[3] The STROBE Statement was developed by the STROBE Initiative, an international collaboration of epidemiologists, methodologists, statisticians, researchers and journal editors with the aim to assist authors when writing up analytical observational studies, to support editors and reviewers when considering such articles for publication, and to help readers when critically appraising published articles.
[4] There are many extensions to the STROBE Statement which cover a variety of different topic domains such as nutritional epidemiology,[5][6][7] genetic association studies,[8] rheumatology,[9][10] molecular epidemiology,[11] infectious disease molecular epidemiology,[12] respondent-driven sampling,[13] routinely collected health data[14][15] (e.g., health administrative data, electronic health records, and registry data), antimicrobial stewardship programs,[16] seroepidemiologic studies for influenza,[17] medical abortion, simulation-based research, newborn infection,[18] veterinary,[19] and sports injury and illness.

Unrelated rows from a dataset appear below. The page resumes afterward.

(* Let $n$ be even, $k\ge 2$. A function $f(x)=a_0(x)+2a_1(x)+\cdots+2^{k-1}a_{k-1}(x)$ from $\mathbb{V}_n$ to $\mathbb{Z}_{2^k}$ (with Boolean $a_j$) is gbent if and only if $\mathcal{A}=a_{k-1}\oplus\langle a_0,a_1,\ldots,a_{k-2}\rangle$ is an affine space consisting of bent functions such that for every pairwise distinct $g_i,g_j,g_l\in\mathcal{A}$ the function $g_ig_j\oplus g_ig_l\oplus g_jg_l$ is bent.
   Context: $\mathbb{V}_n$ is an $n$-dimensional $\mathbb{F}_2$-vector space with inner product $u\cdot x$. A Boolean $g$ is bent if $|\sum_x(-1)^{g(x)\oplus u\cdot x}|=2^{n/2}$ for all $u$. $\langle\cdot\rangle$ denotes $\mathbb{F}_2$-span of Boolean functions and $a\oplus L=\{a\oplus h:h\in L\}$. $f$ is gbent if $|\sum_x\zeta_{2^k}^{f(x)}(-1)^{u\cdot x}|=2^{n/2}$ for all $u$, where $\zeta_{2^k}=e^{2\pi i/2^k}$. *)

theory Defs
  imports Complex_Main
begin

definition Vn :: "nat \<Rightarrow> (nat \<Rightarrow> bool) set" where
  "Vn n = {x. \<forall>i\<ge>n. \<not> x i}"

definition ip :: "nat \<Rightarrow> (nat \<Rightarrow> bool) \<Rightarrow> (nat \<Rightarrow> bool) \<Rightarrow> bool" where
  "ip n u x = odd (card {i. i < n \<and> u i \<and> x i})"

definition bent :: "nat \<Rightarrow> ((nat \<Rightarrow> bool) \<Rightarrow> bool) \<Rightarrow> bool" where
  "bent n g \<longleftrightarrow> (\<forall>u\<in>Vn n.
     \<bar>\<Sum>x\<in>Vn n. (-1::real) ^ of_bool (g x \<noteq> ip n u x)\<bar> = 2 powr (real n / 2))"
(* Let $T_0$ and $T_1$ be local, invertible stochastic matrices on the state space $\mathbb{Z}\times\{1,\dots,D\}$. If $T_0$ and $T_1$ are not homotopic (in the sense defined in the context), then there is no local rate matrix $R(t)$, $t\in[0,1]$, such that $$T_1=\mathcal{T}\exp\Big[\int_0^1 dt\,R(t)\Big]\,T_0 .$$ In particular, if a local invertible stochastic matrix $T$ is not homotopic to the identity matrix, then $T$ cannot be written as $\mathcal{T}\exp\big[\int_0^{\tau}dt\,R(t)\big]$ for any $\tau>0$ and any local rate matrix $R(t)$, $t\in[0,\tau]$ (i.e. $T$ cannot be generated by any local Markovian master equation).
   Context: States are pairs $(j,a)$ with lattice site $j\in\mathbb{Z}$ and internal index $a\in\{1,\dots,D\}$. A stochastic matrix is a real matrix $T=(T_{i,a;j,b})$ indexed by pairs of states with $T_{i,a;j,b}\ge 0$ and $\sum_{i,a}T_{i,a;j,b}=1$ for every $(j,b)$; it acts on probability vectors $\mathbf p=(p_{j,b})$ by $\mathbf p\mapsto T\mathbf p$, and is a bounded operator on $\ell^1(\mathbb{Z}\times\{1,\dots,D\})$. $T$ is local if there are constants $C,\ell>0$ with $T_{i,a;j,b}\le C e^{-|i-j|/\ell}$ for all sufficiently large $|i-j|$. $T$ is invertible if it has a bounded inverse on $\ell^1$. Two local invertible stochastic matrices $T_0,T_1$ are homotopic if there is a family $T(s)$, $s\in[0,1]$, continuous in $s$ (in $\ell^1$ operator norm), such that each $T(s)$ is a local invertible stochastic matrix, $T(0)=T_0$ and $T(1)=T_1$. A rate matrix $R(t)=(R_{i,a;j,b}(t))$ is a real matrix with $R_{i,a;j,b}(t)\ge 0$ for $(i,a)\ne(j,b)$ and $\sum_{i,a}R_{i,a;j,b}(t)=0$ for all $(j,b)$; it generates the master equation $\frac{d\mathbf p}{dt}=R(t)\mathbf p(t)$. A family $R(t)$ is local if there exist $C,\ell>0$, independent of $t$, with $|R_{i,a;j,b}(t)|\le Ce^{-|i-j|/\ell}$ for all $i,j,a,b,t$; we take $R(t)$ piecewise continuous in $t$. $\mathcal{T}\exp[\int_0^s dt\,R(t)]$ denotes the time-ordered exponential, i.e. the solution $P(s)$ of $\frac{dP}{ds}=R(s)P(s)$, $P(0)=I$. *)

theory Defs
  imports "HOL-Analysis.Analysis"
begin

text \<open>States are pairs (j,a) with j an integer lattice site and a an internal index
  ranging over a finite (nonempty) type 'd, playing the role of {1,...,D}.\<close>

type_synonym 'd smat = "(int \<times> 'd) \<Rightarrow> (int \<times> 'd) \<Rightarrow> real"

definition id_mat :: "'d smat" where
  "id_mat = (\<lambda>x y. if x = y then 1 else 0)"

definition mat_mult :: "'d smat \<Rightarrow> 'd smat \<Rightarrow> 'd smat" where
  "mat_mult A B = (\<lambda>x z. (\<Sum>\<^sub>\<infinity> y. A x y * B y z))"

An assessment of extension content[22] as well as a survey of authors of observational studies[23][24] provided several areas to improve upon.
The STROBE Statement has also been adapted as a public, open-source repository for epidemiological research methods and reporting skills for observational studies.
Epidemiologists, statisticians, and public health researchers are able to comment and edit the tool to inform future updates of the reporting guideline.